◆ What you should do ◆
Scan the records below for the line with "p)) \<le> (\<Sum>p<P." and the line with "unfolding lasso_F_add quadratic_form_collective_update[OF". Repeat those two lines and every line between them exactly, and nothing else.

(Stored items)

(* Let $\mathbf{A}\in\mathbb{R}^{n\times d}$ have columns normalized so that $\mathrm{diag}(\mathbf{A}^T\mathbf{A})=\mathbf{1}$, let $\mathbf{y}\in\mathbb{R}^n$, $\lambda\ge 0$, and let $\hat{\mathbf{A}}=[\mathbf{A},\,-\mathbf{A}]\in\mathbb{R}^{n\times 2d}$. Consider the (duplicated-feature) Lasso objective $$F(\mathbf{x})=\tfrac12\lVert \hat{\mathbf{A}}\mathbf{x}-\mathbf{y}\rVert_2^2+\lambda\sum_{j=1}^{2d}x_j,\qquad \mathbf{x}\in\mathbb{R}^{2d}_+.$$ Fix $\mathbf{x}\in\mathbb{R}^{2d}_+$ and an integer $P\ge1$. Let $\mathcal{P}_t=\{i_1,\dots,i_P\}$ be a multiset of indices in $\{1,\dots,2d\}$ (as chosen in one iteration of Shotgun), for each $j$ let $\delta x_j=\max\{-x_j,\,-(\nabla F(\mathbf{x}))_j\}$ (the Shooting update with $\beta=1$), and let $\Delta\mathbf{x}\in\mathbb{R}^{2d}$ be the collective update $(\Delta\mathbf{x})_k=\sum_{i_j\in\mathcal{P}_t:\,i_j=k}\delta x_{i_j}$. Then $$F(\mathbf{x}+\Delta\mathbf{x})-F(\mathbf{x})\le -\tfrac12\sum_{i_j\in\mathcal{P}_t}(\delta x_{i_j})^2+\tfrac12\sum_{\substack{i_j,i_k\in\mathcal{P}_t\\ j\ne k}}(\hat{\mathbf{A}}^T\hat{\mathbf{A}})_{i_j,i_k}\,\delta x_{i_j}\,\delta x_{i_k}.$$
   Context: Shotgun (parallel stochastic coordinate descent) starts at $\mathbf{x}=\mathbf{0}\in\mathbb{R}^{2d}_+$ and in each iteration chooses $P$ indices $i_1,\dots,i_P$ independently and uniformly at random from $\{1,\dots,2d\}$ (forming a multiset $\mathcal{P}_t$), computes for each chosen index $j$ the update $\delta x_j=\max\{-x_j,-(\nabla F(\mathbf{x}))_j/\beta\}$ at the current $\mathbf{x}$, and applies all of them simultaneously, giving the collective update $\Delta\mathbf{x}$. For the Lasso $\beta=1$. The matrix written $\mathbf{A}^T\mathbf{A}$ in the paper's statement is the Gram matrix of the (duplicated) design matrix indexing the $2d$ coordinates, here $\hat{\mathbf{A}}^T\hat{\mathbf{A}}$. *)

theory Defs
  imports Main "HOL-Analysis.Analysis"
begin

text \<open>Matrices are functions nat => nat => real with explicit bounds.
  A is n x d (rows i < n, columns j < d); coordinates of R^{2d} are indices 0..2d-1.\<close>

definition Ahat :: "(nat \<Rightarrow> nat \<Rightarrow> real) \<Rightarrow> nat \<Rightarrow> nat \<Rightarrow> nat \<Rightarrow> real" where
  "Ahat A d i j = (if j < d then A i j else - A i (j - d))"

definition lasso_F :: "(nat \<Rightarrow> nat \<Rightarrow> real) \<Rightarrow> (nat \<Rightarrow> real) \<Rightarrow> real \<Rightarrow> nat \<Rightarrow> nat
    \<Rightarrow> (nat \<Rightarrow> real) \<Rightarrow> real" where
  "lasso_F A y lam n d x =
     (1/2) * (\<Sum>i<n. ((\<Sum>j<2*d. Ahat A d i j * x j) - y i)\<^sup>2) + lam * (\<Sum>j<2*d. x j)"

definition lasso_grad :: "(nat \<Rightarrow> nat \<Rightarrow> real) \<Rightarrow> (nat \<Rightarrow> real) \<Rightarrow> real \<Rightarrow> nat \<Rightarrow> nat
    \<Rightarrow> (nat \<Rightarrow> real) \<Rightarrow> nat \<Rightarrow> real" where
  "lasso_grad A y lam n d x j =
     (\<Sum>i<n. Ahat A d i j * ((\<Sum>k<2*d. Ahat A d i k * x k) - y i)) + lam"

definition gram :: "(nat \<Rightarrow> nat \<Rightarrow> real) \<Rightarrow> nat \<Rightarrow> nat \<Rightarrow> nat \<Rightarrow> nat \<Rightarrow> real" where
  "gram A n d j k = (\<Sum>i<n. Ahat A d i j * Ahat A d i k)"

definition shoot_delta :: "(nat \<Rightarrow> nat \<Rightarrow> real) \<Rightarrow> (nat \<Rightarrow> real) \<Rightarrow> real \<Rightarrow> nat \<Rightarrow> nat
    \<Rightarrow> (nat \<Rightarrow> real) \<Rightarrow> nat \<Rightarrow> real" where
  "shoot_delta A y lam n d x j = max (- x j) (- lasso_grad A y lam n d x j)"

text \<open>Collective update for the selected index list I = [i_1,...,i_P] (a multiset with labels).\<close>
definition collective_update :: "nat list \<Rightarrow> (nat \<Rightarrow> real) \<Rightarrow> nat \<Rightarrow> real" where
  "collective_update I dx k = (\<Sum>j<length I. if I ! j = k then dx (I ! j) else 0)"

end

theory Submission
  imports Defs
begin

text \<open>Because F is quadratic, its second-order Taylor expansion in any direction D is exact, with
  Hessian the Gram matrix. For the collective update D the linear term becomes the sum of
  g_i \<delta>x_i over the selected indices (g the gradient at x), and every such term is at most -(\<delta>x_i)^2, since
  \<delta>x_i = max (-x_i) (-g_i) with x_i \<ge> 0. The quadratic term is the Gram form of the selected
  updates, whose diagonal contributes exactly the squares because the columns are normalized.\<close>

lemma sum_square_linear_form:
  fixes a :: "nat \<Rightarrow> nat \<Rightarrow> real"
  shows "(\<Sum>i\<in>S. (\<Sum>j\<in>J. a i j * v j)\<^sup>2)
       = (\<Sum>j\<in>J. \<Sum>k\<in>J. (\<Sum>i\<in>S. a i j * a i k) * v j * v k)"
proof -
  have "(\<Sum>i\<in>S. (\<Sum>j\<in>J. a i j * v j)\<^sup>2)
      = (\<Sum>i\<in>S. \<Sum>j\<in>J. \<Sum>k\<in>J. a i j * a i k * v j * v k)"
    unfolding power2_eq_square sum_product by (simp add: algebra_simps)
  also have "\<dots> = (\<Sum>j\<in>J. \<Sum>i\<in>S. \<Sum>k\<in>J. a i j * a i k * v j * v k)"
    by (rule sum.swap)
  also have "\<dots> = (\<Sum>j\<in>J. \<Sum>k\<in>J. \<Sum>i\<in>S. a i j * a i k * v j * v k)"
    by (intro sum.cong refl sum.swap)
  finally show ?thesis by (simp add: sum_distrib_right)
qed

lemma lasso_F_add:
  "lasso_F A y lam n d (\<lambda>k. x k + D k) - lasso_F A y lam n d x
     = (\<Sum>j<2*d. lasso_grad A y lam n d x j * D j)
       + (1/2) * (\<Sum>j<2*d. \<Sum>k<2*d. gram A n d j k * D j * D k)"
proof -
  define r where "r i = (\<Sum>j<2*d. Ahat A d i j * x j) - y i" for i
  define u where "u i = (\<Sum>j<2*d. Ahat A d i j * D j)" for i
  have residual_add: "(\<Sum>j<2*d. Ahat A d i j * (x j + D j)) - y i = r i + u i" for i
    unfolding r_def u_def by (simp add: distrib_left sum.distrib)
  have "lasso_F A y lam n d (\<lambda>k. x k + D k) - lasso_F A y lam n d x
      = (\<Sum>i<n. r i * u i) + lam * (\<Sum>j<2*d. D j) + (1/2) * (\<Sum>i<n. (u i)\<^sup>2)"
    unfolding lasso_F_def residual_add r_def[symmetric]
    by (simp add: power2_eq_square algebra_simps sum.distrib sum_distrib_left sum_subtractf)
  also have "(\<Sum>i<n. r i * u i) = (\<Sum>j<2*d. (\<Sum>i<n. Ahat A d i j * r i) * D j)"
    unfolding u_def sum_distrib_left sum_distrib_right
    by (subst sum.swap) (simp add: mult_ac)
  also have "\<dots> + lam * (\<Sum>j<2*d. D j) = (\<Sum>j<2*d. lasso_grad A y lam n d x j * D j)"
    unfolding lasso_grad_def r_def[symmetric]
    by (simp add: sum_distrib_left distrib_right sum.distrib)
  also have "(\<Sum>i<n. (u i)\<^sup>2) = (\<Sum>j<2*d. \<Sum>k<2*d. gram A n d j k * D j * D k)"
    unfolding u_def gram_def by (rule sum_square_linear_form)
  finally show ?thesis .
qed

lemma sum_mult_collective_update:
  assumes "\<forall>p<length I. I ! p < m"
  shows "(\<Sum>j<m. f j * collective_update I dx j) = (\<Sum>p<length I. f (I ! p) * dx (I ! p))"
proof -
  have "(\<Sum>j<m. f j * collective_update I dx j)
      = (\<Sum>p<length I. \<Sum>j<m. if I ! p = j then f j * dx (I ! p) else 0)"
    unfolding collective_update_def sum_distrib_left
    by (subst sum.swap) (intro sum.cong; auto)
  also have "\<dots> = (\<Sum>p<length I. f (I ! p) * dx (I ! p))"
    using assms by (intro sum.cong) (auto simp: sum.delta)
  finally show ?thesis .
qed

lemma quadratic_form_collective_update:
  assumes "\<forall>p<length I. I ! p < m"
  shows "(\<Sum>j<m. \<Sum>k<m. G j k * collective_update I dx j * collective_update I dx k)
       = (\<Sum>p<length I. \<Sum>q<length I. G (I ! p) (I ! q) * dx (I ! p) * dx (I ! q))"
proof -
  have "(\<Sum>j<m. \<Sum>k<m. G j k * collective_update I dx j * collective_update I dx k)
      = (\<Sum>j<m. (\<Sum>q<length I. G j (I ! q) * dx (I ! q)) * collective_update I dx j)"
  proof (intro sum.cong refl)
    fix j
    have "(\<Sum>k<m. G j k * collective_update I dx j * collective_update I dx k)
        = (\<Sum>k<m. G j k * collective_update I dx k) * collective_update I dx j"
      by (simp add: sum_distrib_left sum_distrib_right mult_ac)
    then show "(\<Sum>k<m. G j k * collective_update I dx j * collective_update I dx k)
        = (\<Sum>q<length I. G j (I ! q) * dx (I ! q)) * collective_update I dx j"
      by (simp only: sum_mult_collective_update[OF assms])
  qed
  also have "\<dots> = (\<Sum>p<length I. (\<Sum>q<length I. G (I ! p) (I ! q) * dx (I ! q)) * dx (I ! p))"
    by (rule sum_mult_collective_update[OF assms])
  finally show ?thesis by (simp add: sum_distrib_left sum_distrib_right mult_ac)
qed

lemma sum_sum_split_diagonal:
  fixes M :: "nat \<Rightarrow> nat \<Rightarrow> real"
  shows "(\<Sum>p<P. \<Sum>q<P. M p q) = (\<Sum>p<P. M p p) + (\<Sum>p<P. \<Sum>q<P. if p \<noteq> q then M p q else 0)"
proof -
  have "(\<Sum>q<P. M p q) = M p p + (\<Sum>q<P. if p \<noteq> q then M p q else 0)" if "p < P" for p
  proof -
    have "(\<Sum>q<P. M p q) = (\<Sum>q<P. (if p = q then M p q else 0) + (if p \<noteq> q then M p q else 0))"
      by (intro sum.cong) auto
    then show ?thesis using that by (simp add: sum.distrib)
  qed
  then show ?thesis by (simp add: sum.distrib)
qed

lemma gram_diag_eq_1:
  assumes "\<forall>j<d. (\<Sum>i<n. (A i j)\<^sup>2) = 1" and "j < 2*d"
  shows "gram A n d j j = 1"
proof -
  have "(if j < d then j else j - d) < d" using assms(2) by auto
  then show ?thesis
    using assms(1) unfolding gram_def Ahat_def by (simp add: power2_eq_square split: if_splits)
qed

lemma mult_max_neg_le_neg_square:
  fixes g t :: real
  assumes "t \<ge> 0"
  shows "g * max (- t) (- g) \<le> - (max (- t) (- g))\<^sup>2"
proof (cases "g \<le> t")
  case True
  then show ?thesis by (simp add: max_def power2_eq_square)
next
  case False
  then have "t * t \<le> g * t" using assms by (simp add: mult_right_mono)
  then show ?thesis using False by (simp add: max_def power2_eq_square)
qed

theorem theorem3p1:
  fixes A :: "nat \<Rightarrow> nat \<Rightarrow> real" and y x :: "nat \<Rightarrow> real" and lam :: real
    and n d P :: nat and I :: "nat list"
  assumes colnorm: "\<forall>j<d. (\<Sum>i<n. (A i j)\<^sup>2) = 1"
    and lam_nonneg: "lam \<ge> 0"
    and x_nonneg: "\<forall>j<2*d. x j \<ge> 0"
    and P_pos: "P \<ge> 1"
    and I_len: "length I = P"
    and I_range: "\<forall>j<P. I ! j < 2*d"
  shows "lasso_F A y lam n d (\<lambda>k. x k + collective_update I (shoot_delta A y lam n d x) k)
           - lasso_F A y lam n d x
         \<le> - (1/2) * (\<Sum>j<P. (shoot_delta A y lam n d x (I ! j))\<^sup>2)
           + (1/2) * (\<Sum>j<P. \<Sum>k<P. if j \<noteq> k then
                gram A n d (I ! j) (I ! k) * shoot_delta A y lam n d x (I ! j)
                  * shoot_delta A y lam n d x (I ! k) else 0)"
proof -
  define \<delta> where "\<delta> = shoot_delta A y lam n d x"
  define g where "g = lasso_grad A y lam n d x"
  define off_diag where "off_diag = (\<Sum>p<P. \<Sum>q<P. if p \<noteq> q then
      gram A n d (I ! p) (I ! q) * \<delta> (I ! p) * \<delta> (I ! q) else 0)"
  have range: "\<forall>p<length I. I ! p < 2*d" using I_range I_len by simp
  have descent: "(\<Sum>p<P. g (I ! p) * \<delta> (I ! p)) \<le> (\<Sum>p<P. - (\<delta> (I ! p))\<^sup>2)"
    using x_nonneg I_range unfolding \<delta>_def shoot_delta_def g_def
    by (intro sum_mono mult_max_neg_le_neg_square) auto
  have quadratic: "(\<Sum>p<P. \<Sum>q<P. gram A n d (I ! p) (I ! q) * \<delta> (I ! p) * \<delta> (I ! q))
      = (\<Sum>p<P. (\<delta> (I ! p))\<^sup>2) + off_diag"
  proof -
    have "(\<Sum>p<P. gram A n d (I ! p) (I ! p) * \<delta> (I ! p) * \<delta> (I ! p)) = (\<Sum>p<P. (\<delta> (I ! p))\<^sup>2)"
      using gram_diag_eq_1[OF colnorm] I_range by (simp add: power2_eq_square)
    then show ?thesis unfolding off_diag_def by (subst sum_sum_split_diagonal) simp
  qed
  have "lasso_F A y lam n d (\<lambda>k. x k + collective_update I \<delta> k) - lasso_F A y lam n d x
      = (\<Sum>p<P. g (I ! p) * \<delta> (I ! p)) + (1/2) * ((\<Sum>p<P. (\<delta> (I ! p))\<^sup>2) + off_diag)"
    unfolding lasso_F_add quadratic_form_collective_update[OF range]
    unfolding g_def[symmetric] sum_mult_collective_update[OF range] I_len quadratic ..
  also have "\<dots> \<le> - (1/2) * (\<Sum>p<P. (\<delta> (I ! p))\<^sup>2) + (1/2) * off_diag"
    using descent by (simp add: sum_negf algebra_simps)
  finally show ?thesis unfolding \<delta>_def off_diag_def .
qed

end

◆ Response for this exercise ◆
  have descent: "(\<Sum>p<P. g (I ! p) * \<delta> (I ! p)) \<le> (\<Sum>p<P. - (\<delta> (I ! p))\<^sup>2)"
    using x_nonneg I_range unfolding \<delta>_def shoot_delta_def g_def
    by (intro sum_mono mult_max_neg_le_neg_square) auto
  have quadratic: "(\<Sum>p<P. \<Sum>q<P. gram A n d (I ! p) (I ! q) * \<delta> (I ! p) * \<delta> (I ! q))
      = (\<Sum>p<P. (\<delta> (I ! p))\<^sup>2) + off_diag"
  proof -
    have "(\<Sum>p<P. gram A n d (I ! p) (I ! p) * \<delta> (I ! p) * \<delta> (I ! p)) = (\<Sum>p<P. (\<delta> (I ! p))\<^sup>2)"
      using gram_diag_eq_1[OF colnorm] I_range by (simp add: power2_eq_square)
    then show ?thesis unfolding off_diag_def by (subst sum_sum_split_diagonal) simp
  qed
  have "lasso_F A y lam n d (\<lambda>k. x k + collective_update I \<delta> k) - lasso_F A y lam n d x
      = (\<Sum>p<P. g (I ! p) * \<delta> (I ! p)) + (1/2) * ((\<Sum>p<P. (\<delta> (I ! p))\<^sup>2) + off_diag)"
    unfolding lasso_F_add quadratic_form_collective_update[OF range]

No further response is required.